On the afternoon of July 9, 1996 Dr. Lin Russell and her six-year-old daughter Megan were battered to death with a hammer in a country lane in Kent and Megan's sister Josie, nine, was left for dead.
Levi Bellfield, who is serving life in prison for the murder of a schoolgirl and two young women on the outskirts of London, has reportedly confessed to murdering Dr. Russell and her daughter in a case, which Kent Police described as "one of the most horrific crimes ever committed."
But retired Detective Chief Inspector Colin Sutton, the man who caught Bellfield, said he does not believe he was responsible and may have an ulterior motive.
"He just likes being the center of attention and he likes winding people up," Mr. Sutton told Sputnik.

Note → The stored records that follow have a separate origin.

definition compatible_maps :: "'a set \<Rightarrow> ('a \<Rightarrow> 'c) \<Rightarrow> ('a \<Rightarrow> 'c) \<Rightarrow> bool" where
  "compatible_maps L f g \<longleftrightarrow>
     (\<forall>D\<subseteq>L. inj_on f D \<longrightarrow> inj_on g D \<longrightarrow> f ` D = g ` D \<longrightarrow> (\<forall>i\<in>D. f i = g i))"

lemma compatible_maps_no_alternating_cycles:
  "compatible_maps L f g \<Longrightarrow> D \<subseteq> L \<Longrightarrow> \<not> alternating_cycles D f g"
  unfolding compatible_maps_def alternating_cycles_def by blast

lemma compatible_maps_cong:
  assumes "\<And>i. i \<in> L \<Longrightarrow> f i = f' i" and "\<And>i. i \<in> L \<Longrightarrow> g i = g' i"
  shows "compatible_maps L f g \<longleftrightarrow> compatible_maps L f' g'"
proof -
  have "inj_on f D = inj_on f' D" "inj_on g D = inj_on g' D" "f ` D = f' ` D" "g ` D = g' ` D"
    "(\<forall>i\<in>D. f i = g i) = (\<forall>i\<in>D. f' i = g' i)" if "D \<subseteq> L" for D
    using that assms by (auto simp: subset_iff intro!: inj_on_cong image_cong)
  then show ?thesis
    unfolding compatible_maps_def by simp
qed

section \<open>Pre-trianguloids on an arbitrary ground set\<close>

definition lattice_vec :: "'c set \<Rightarrow> nat \<Rightarrow> ('c \<Rightarrow> nat) \<Rightarrow> bool" where
  "lattice_vec C k v \<longleftrightarrow> (\<forall>j. j \<notin> C \<longrightarrow> v j = 0) \<and> sum v C = k"

definition plus_unit :: "('c \<Rightarrow> nat) \<Rightarrow> 'c \<Rightarrow> 'c \<Rightarrow> nat" where
  "plus_unit y a = y(a := Suc (y a))"

lemma plus_unit_apply: "plus_unit y a b = (if b = a then Suc (y b) else y b)"
  by (simp add: plus_unit_def)

lemma plus_unit_commute: "plus_unit (plus_unit y a) b = plus_unit (plus_unit y b) a"
  by (simp add: plus_unit_def fun_eq_iff)

lemma sum_plus_unit:
  assumes "finite C" and "a \<in> C"
  shows "sum (plus_unit y a) C = Suc (sum y C)"
proof -
  have "sum (plus_unit y a) C = plus_unit y a a + sum (plus_unit y a) (C - {a})"
    using assms by (rule sum.remove)
  also have "sum (plus_unit y a) (C - {a}) = sum y (C - {a})"
    by (rule sum.cong) (simp_all add: plus_unit_apply)
  finally show ?thesis
    using assms by (simp add: plus_unit_apply sum.remove)
qed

Murders Made Big News in UK in 1996
The case got massive media coverage at the time and stayed in the national conscience for many years partly because of Josie's remarkable recovery.
She suffered terrible head injuries but after leaving hospital she moved with her father, Dr. Shaun Russell, back to north Wales, went back to school, graduated from university, became a successful textile artist and recently became engaged.

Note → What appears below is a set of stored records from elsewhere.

(* Let $\mathbb{V}=(V,S)$ be a finite hypergraph with intersection graph $\mathbb{I}=(S,E)$, let $\mathbb{G}$ be an $E$-group compatible with $\mathbb{I}$, and let $\hat{\mathbb{V}}=(\hat V,\hat S)$ and $\pi$ be as defined in the context. Then $\pi:\hat V\to V$ is well defined and maps every hyperedge $[s,g]\in\hat S$ bijectively onto $s$. Moreover, if $N\ge3$ and $\mathbb{G}$ is $N$-acyclic over $\mathbb{I}$, then (a) the Gaifman graph of $\hat{\mathbb{V}}$ has no chordless cycle of length $n$ with $4\le n\le N$, and (b) every set of at most $N$ vertices of $\hat V$ that are pairwise adjacent in the Gaifman graph is contained in a single hyperedge of $\hat S$; i.e. every induced sub-hypergraph of $\hat{\mathbb{V}}$ on at most $N$ vertices is acyclic (chordal and conformal).
   Context: A finite hypergraph $(V,S)$ has finite vertex set $V$ and set of hyperedges $S\subseteq\mathcal{P}(V)$. Its intersection graph has vertex set $S$ and edge set $E=\{\{s,s'\}: s\neq s',\ s\cap s'\neq\emptyset\}$, regarded as the $E$-graph $\mathbb{I}=(S,(R_e)_{e\in E})$ with $R_e=\{(s,s'),(s',s)\}$ for $e=\{s,s'\}$. An $E$-group is a group $\mathbb{G}$ with $E\subseteq\mathbb{G}$ generating it and each $e\in E$ satisfying $e\neq1$, $e^2=1$; $[e_1\cdots e_n]_{\mathbb{G}}=e_1\cdots e_n$. For an $E$-graph $(X,(R_e))$ (each $R_e$ symmetric, each vertex with at most one $R_e$-neighbour), $\pi_e$ swaps $R_e$-neighbours and fixes all other vertices, $\pi_{e_1\cdots e_n}=\pi_{e_n}\circ\cdots\circ\pi_{e_1}$; $\mathbb{G}$ is compatible with it if $[w]_{\mathbb{G}}=1$ implies $\pi_w=\mathrm{id}$. For $\alpha\subseteq E$, $s,t\in S$, $\alpha^*[\mathbb{I},s]$ is the set of $w=e_1\cdots e_n\in\alpha^*$ labelling a walk in $\mathbb{I}$ from $s$, $\alpha^*[\mathbb{I},s,t]$ those ending at $t$; $C[\mathbb{I},\alpha,s;g]=\{g[w]_{\mathbb{G}}:w\in\alpha^*[\mathbb{I},s]\}$. An $\mathbb{I}$-coset cycle of length $n\ge2$ is $(g_i,\alpha_i,s_i)_{i\in\mathbb{Z}_n}$, $\alpha_i\subsetneq E$, $s_i\in S$, with $g_{i+1}=g_i[w]_{\mathbb{G}}$ for some $w\in\alpha_i^*[\mathbb{I},s_i,s_{i+1}]$ and $C[\mathbb{I},\alpha_i\cap\alpha_{i-1},s_i;g_i]\cap C[\mathbb{I},\alpha_i\cap\alpha_{i+1},s_{i+1};g_{i+1}]=\emptyset$; $\mathbb{G}$ is $N$-acyclic over $\mathbb{I}$ if there is no $\mathbb{I}$-coset cycle of length $2,\dots,N$. Covering: let $X=\{(v,s,g): s\in S,\ v\in s,\ g\in\mathbb{G}\}$ and let $\approx$ be the equivalence relation on $X$ generated by $(v,s,g)\approx(v,s',ge)$ for all $e=\{s,s'\}\in E$ with $v\in s\cap s'$. Put $\hat V=X/{\approx}$, $[s,g]=\{[(v,s,g)]: v\in s\}$, $\hat S=\{[s,g]: s\in S, g\in\mathbb{G}\}$, $\hat{\mathbb{V}}=(\hat V,\hat S)$ and $\pi([(v,s,g)])=v$. The Gaifman graph of a hypergraph joins two distinct vertices iff they lie in a common hyperedge; a chordless cycle of length $n$ is a sequence of $n$ distinct vertices in which consecutive ones (cyclically) are adjacent and no non-consecutive ones are adjacent. *)

theory Defs
  imports "HOL-Algebra.Generated_Groups"
begin

definition inter_edges :: "'v set set \<Rightarrow> 'v set set set" where
  "inter_edges S = {{s, s'} | s s'. s \<in> S \<and> s' \<in> S \<and> s \<noteq> s' \<and> s \<inter> s' \<noteq> {}}"

text \<open>E is identified with a subset of the group via the injective map emb.\<close>
definition E_group :: "('g, 'b) monoid_scheme \<Rightarrow> 'e set \<Rightarrow> ('e \<Rightarrow> 'g) \<Rightarrow> bool" where
  "E_group G E emb \<longleftrightarrow> group G \<and> inj_on emb E \<and> emb ` E \<subseteq> carrier G
     \<and> generate G (emb ` E) = carrier G
     \<and> (\<forall>e\<in>E. emb e \<noteq> \<one>\<^bsub>G\<^esub> \<and> emb e \<otimes>\<^bsub>G\<^esub> emb e = \<one>\<^bsub>G\<^esub>)"

definition word_val :: "('g, 'b) monoid_scheme \<Rightarrow> ('e \<Rightarrow> 'g) \<Rightarrow> 'e list \<Rightarrow> 'g" where
  "word_val G emb w = foldr (\<lambda>e a. emb e \<otimes>\<^bsub>G\<^esub> a) w \<one>\<^bsub>G\<^esub>"

definition swap_edge :: "'a set \<Rightarrow> 'a \<Rightarrow> 'a" where
  "swap_edge e x = (if x \<in> e then (THE y. e = {x, y}) else x)"

text \<open>pi_{e1...en} = pi_en o ... o pi_e1\<close>
definition pi_word :: "'a set list \<Rightarrow> 'a \<Rightarrow> 'a" where
  "pi_word w = fold swap_edge w"

definition compatible :: "('g, 'b) monoid_scheme \<Rightarrow> ('v set set \<Rightarrow> 'g) \<Rightarrow> 'v set set \<Rightarrow> bool" where
  "compatible G emb S \<longleftrightarrow>
     (\<forall>w \<in> lists (inter_edges S). word_val G emb w = \<one>\<^bsub>G\<^esub> \<longrightarrow> (\<forall>s\<in>S. pi_word w s = s))"

fun is_walk :: "'a set set \<Rightarrow> 'a \<Rightarrow> 'a set list \<Rightarrow> 'a \<Rightarrow> bool" where
  "is_walk E s [] t = (s = t)"
| "is_walk E s (e # w) t = (e \<in> E \<and> s \<in> e \<and> is_walk E (swap_edge e s) w t)"

definition walk_words :: "'v set set \<Rightarrow> 'v set set set \<Rightarrow> 'v set \<Rightarrow> 'v set \<Rightarrow> 'v set set list set" where
  "walk_words S \<alpha> s t = {w \<in> lists \<alpha>. is_walk (inter_edges S) s w t}"

definition walks_from :: "'v set set \<Rightarrow> 'v set set set \<Rightarrow> 'v set \<Rightarrow> 'v set set list set" where
  "walks_from S \<alpha> s = {w \<in> lists \<alpha>. \<exists>t. is_walk (inter_edges S) s w t}"

definition coset_I :: "('g, 'b) monoid_scheme \<Rightarrow> ('v set set \<Rightarrow> 'g) \<Rightarrow> 'v set set
    \<Rightarrow> 'v set set set \<Rightarrow> 'v set \<Rightarrow> 'g \<Rightarrow> 'g set" where
  "coset_I G emb S \<alpha> s g = {g \<otimes>\<^bsub>G\<^esub> word_val G emb w | w. w \<in> walks_from S \<alpha> s}"

definition coset_cycle :: "('g, 'b) monoid_scheme \<Rightarrow> ('v set set \<Rightarrow> 'g) \<Rightarrow> 'v set set \<Rightarrow> nat
    \<Rightarrow> (nat \<Rightarrow> 'g) \<Rightarrow> (nat \<Rightarrow> 'v set set set) \<Rightarrow> (nat \<Rightarrow> 'v set) \<Rightarrow> bool" where
  "coset_cycle G emb S n g \<alpha> s \<longleftrightarrow> 2 \<le> n \<and>
     (\<forall>i<n. \<alpha> i \<subset> inter_edges S \<and> s i \<in> S \<and> g i \<in> carrier G
       \<and> (\<exists>w \<in> walk_words S (\<alpha> i) (s i) (s (Suc i mod n)).
             g (Suc i mod n) = g i \<otimes>\<^bsub>G\<^esub> word_val G emb w)
       \<and> coset_I G emb S (\<alpha> i \<inter> \<alpha> ((i + n - 1) mod n)) (s i) (g i)
         \<inter> coset_I G emb S (\<alpha> i \<inter> \<alpha> (Suc i mod n)) (s (Suc i mod n)) (g (Suc i mod n)) = {})"

definition N_acyclic :: "('g, 'b) monoid_scheme \<Rightarrow> ('v set set \<Rightarrow> 'g) \<Rightarrow> 'v set set \<Rightarrow> nat \<Rightarrow> bool" where
  "N_acyclic G emb S N \<longleftrightarrow> \<not> (\<exists>n g \<alpha> s. n \<le> N \<and> coset_cycle G emb S n g \<alpha> s)"

definition cov_X :: "('g, 'b) monoid_scheme \<Rightarrow> 'v set set \<Rightarrow> ('v \<times> 'v set \<times> 'g) set" where
  "cov_X G S = {(v, s, g). s \<in> S \<and> v \<in> s \<and> g \<in> carrier G}"

definition cov_step :: "('g, 'b) monoid_scheme \<Rightarrow> ('v set set \<Rightarrow> 'g) \<Rightarrow> 'v set set
    \<Rightarrow> (('v \<times> 'v set \<times> 'g) \<times> ('v \<times> 'v set \<times> 'g)) set" where
  "cov_step G emb S = {((v, s, g), (v, s', g \<otimes>\<^bsub>G\<^esub> emb e)) | v s s' g e.
      e \<in> inter_edges S \<and> e = {s, s'} \<and> v \<in> s \<inter> s' \<and> g \<in> carrier G}"

definition cov_rel :: "('g, 'b) monoid_scheme \<Rightarrow> ('v set set \<Rightarrow> 'g) \<Rightarrow> 'v set set
    \<Rightarrow> (('v \<times> 'v set \<times> 'g) \<times> ('v \<times> 'v set \<times> 'g)) set" where
  "cov_rel G emb S = Id_on (cov_X G S) \<union> (cov_step G emb S \<union> (cov_step G emb S)\<inverse>)\<^sup>+"

definition cov_V :: "('g, 'b) monoid_scheme \<Rightarrow> ('v set set \<Rightarrow> 'g) \<Rightarrow> 'v set set
    \<Rightarrow> ('v \<times> 'v set \<times> 'g) set set" where
  "cov_V G emb S = cov_X G S // cov_rel G emb S"

definition cov_edge :: "('g, 'b) monoid_scheme \<Rightarrow> ('v set set \<Rightarrow> 'g) \<Rightarrow> 'v set set
    \<Rightarrow> 'v set \<Rightarrow> 'g \<Rightarrow> ('v \<times> 'v set \<times> 'g) set set" where
  "cov_edge G emb S s g = {cov_rel G emb S `` {(v, s, g)} | v. v \<in> s}"

definition cov_S :: "('g, 'b) monoid_scheme \<Rightarrow> ('v set set \<Rightarrow> 'g) \<Rightarrow> 'v set set
    \<Rightarrow> ('v \<times> 'v set \<times> 'g) set set set" where
  "cov_S G emb S = {cov_edge G emb S s g | s g. s \<in> S \<and> g \<in> carrier G}"

text \<open>pi([(v,s,g)]) = v (well defined, as shown in the theorem).\<close>
definition cov_pi :: "('v \<times> 'v set \<times> 'g) set \<Rightarrow> 'v" where
  "cov_pi c = fst (SOME x. x \<in> c)"

definition gaif_adj :: "'a set set \<Rightarrow> 'a \<Rightarrow> 'a \<Rightarrow> bool" where
  "gaif_adj H x y \<longleftrightarrow> x \<noteq> y \<and> (\<exists>h\<in>H. x \<in> h \<and> y \<in> h)"

definition chordless_cycle :: "'a set \<Rightarrow> 'a set set \<Rightarrow> 'a list \<Rightarrow> bool" where
  "chordless_cycle W H c \<longleftrightarrow> distinct c \<and> set c \<subseteq> W \<and>
     (\<forall>i < length c. gaif_adj H (c ! i) (c ! (Suc i mod length c))) \<and>
     (\<forall>i < length c. \<forall>j < length c. i \<noteq> j \<and> j \<noteq> Suc i mod length c \<and> i \<noteq> Suc j mod length c
        \<longrightarrow> \<not> gaif_adj H (c ! i) (c ! j))"

end

theory Submission
  imports Defs
begin

text \<open>The relation \<open>\<approx>\<close> has an explicit form: \<open>(v, s, g) \<approx> (v, t, h)\<close> iff some walk of \<open>\<I>\<close>
  through hyperedges containing \<open>v\<close> leads from \<open>s\<close> to \<open>t\<close> and multiplies \<open>g\<close> into \<open>h\<close>. Since
  compatibility makes the endpoint of a walk a function of its value in \<open>G\<close>, this gives the
  projection \<open>\<pi>\<close> and shows that a vertex \<open>y\<close> of \<open>[s, g]\<close> lies in \<open>[t, h]\<close> iff such a walk
  through hyperedges containing \<open>\<pi> y\<close> exists. For a finite set \<open>B \<subseteq> [s, g] \<inter> [t, h]\<close> one
  walk can serve all of \<open>B\<close> at once: otherwise the walks for a part of \<open>B\<close> and for one more
  vertex would form a coset cycle of length 2.

  Now take hyperedges \<open>h\<^sub>0, \<dots>, h\<^sub>n\<^sub>-\<^sub>1\<close> in cyclic order with nonempty overlaps
  \<open>B\<^sub>i \<subseteq> h\<^sub>i \<inter> h\<^sub>i\<^sub>+\<^sub>1\<close>. The walks from \<open>h\<^sub>i\<close> to \<open>h\<^sub>i\<^sub>+\<^sub>1\<close> over \<open>\<pi> B\<^sub>i\<close> form a coset cycle of
  length \<open>n\<close> unless three consecutive overlaps lie in a common hyperedge. A chordless cycle
  \<open>c\<^sub>0 \<dots> c\<^sub>n\<^sub>-\<^sub>1\<close> with \<open>4 \<le> n\<close> gives such a chain with \<open>B\<^sub>i = {c\<^sub>i\<^sub>+\<^sub>1}\<close>, but no hyperedge can
  contain the non-adjacent \<open>c\<^sub>i\<^sub>+\<^sub>1\<close> and \<open>c\<^sub>i\<^sub>+\<^sub>3\<close>. For a clique \<open>A\<close> whose proper subsets are
  covered (induction on \<open>|A|\<close>), hyperedges containing \<open>A - {x\<^sub>i}\<close> for three distinct
  \<open>x\<^sub>0, x\<^sub>1, x\<^sub>2 \<in> A\<close>, with \<open>B\<^sub>i = A - {x\<^sub>i, x\<^sub>i\<^sub>+\<^sub>1}\<close>, give a hyperedge containing
  \<open>B\<^sub>0 \<union> B\<^sub>1 \<union> B\<^sub>2 = A\<close>.\<close>

section \<open>Walks in the intersection graph\<close>

lemma swap_edge_doubleton: "a \<noteq> b \<Longrightarrow> swap_edge {a, b} a = b"
  unfolding swap_edge_def by (auto intro!: the_equality simp: doubleton_eq_iff)

lemma inter_edgesE:
  assumes "e \<in> inter_edges S"
  obtains a b where "e = {a, b}" "a \<in> S" "b \<in> S" "a \<noteq> b" "a \<inter> b \<noteq> {}"
  using assms by (auto simp: inter_edges_def)

lemma swap_edge_inter_edges:
  assumes "e \<in> inter_edges S" "x \<in> e"
  shows "{x, swap_edge e x} = e" "swap_edge e x \<in> e" "swap_edge e x \<noteq> x" "swap_edge e x \<in> S"
proof -
  obtain a b where e: "e = {a, b}" "a \<in> S" "b \<in> S" "a \<noteq> b"
    using assms(1) by (rule inter_edgesE)
  consider "x = a" | "x = b" using assms(2) e(1) by blast
  then have "x = a \<and> swap_edge e x = b \<or> x = b \<and> swap_edge e x = a"
  proof cases
    case 1
    then show ?thesis using e swap_edge_doubleton[of a b] by simp
  next
    case 2
    then have "e = {b, a}" using e(1) by (simp add: insert_commute)
    then show ?thesis using 2 e(4) swap_edge_doubleton[of b a] by simp
  qed
  then show "{x, swap_edge e x} = e" "swap_edge e x \<in> e" "swap_edge e x \<noteq> x" "swap_edge e x \<in> S"
    using e(1-4) by fastforce+
qed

Going to a Christmas Fair to see the fab Josie Russell. Josie is a textile artist of some considerable talent. I bought a few things, would have been rude not to!! pic.twitter.com/6J6RMYCAsG— Paul Rees Author (@ReesAuthor) November 11, 2017
Michael Stone, a heroin addict, was jailed for life for the murders but no motive was ever indicated and Stone has always protested his innocence.
Bellfield, a wheelclamper and former nightclub doorman, was later convicted of the murders of French student Amelie Delagrange, British teenager Marsha McDonnell and schoolgirl Milly Dowler in south-west London and Surrey between 2002 and 2004.
Stone's solicitor, Paul Bacon, said on Wednesday, November 29, that they had now received a "full confession" to the Russell murders from Bellfield.
'Confession Contains Facts Not in Public Domain'
"In the confession, Bellfield describes how he came across Lin Russell and her two children, how he attacked them with a hammer, and his motivation for the killing. The confession is detailed and has a number of facts which are not in the public domain," said Mr. Bacon.
But Mr. Sutton is not convinced.
He said the modus operandi or M.O. was totally different to the attacks on Milly, Marsha and Amelie and there was no suggestion Bellfield had ever spent time in Kent.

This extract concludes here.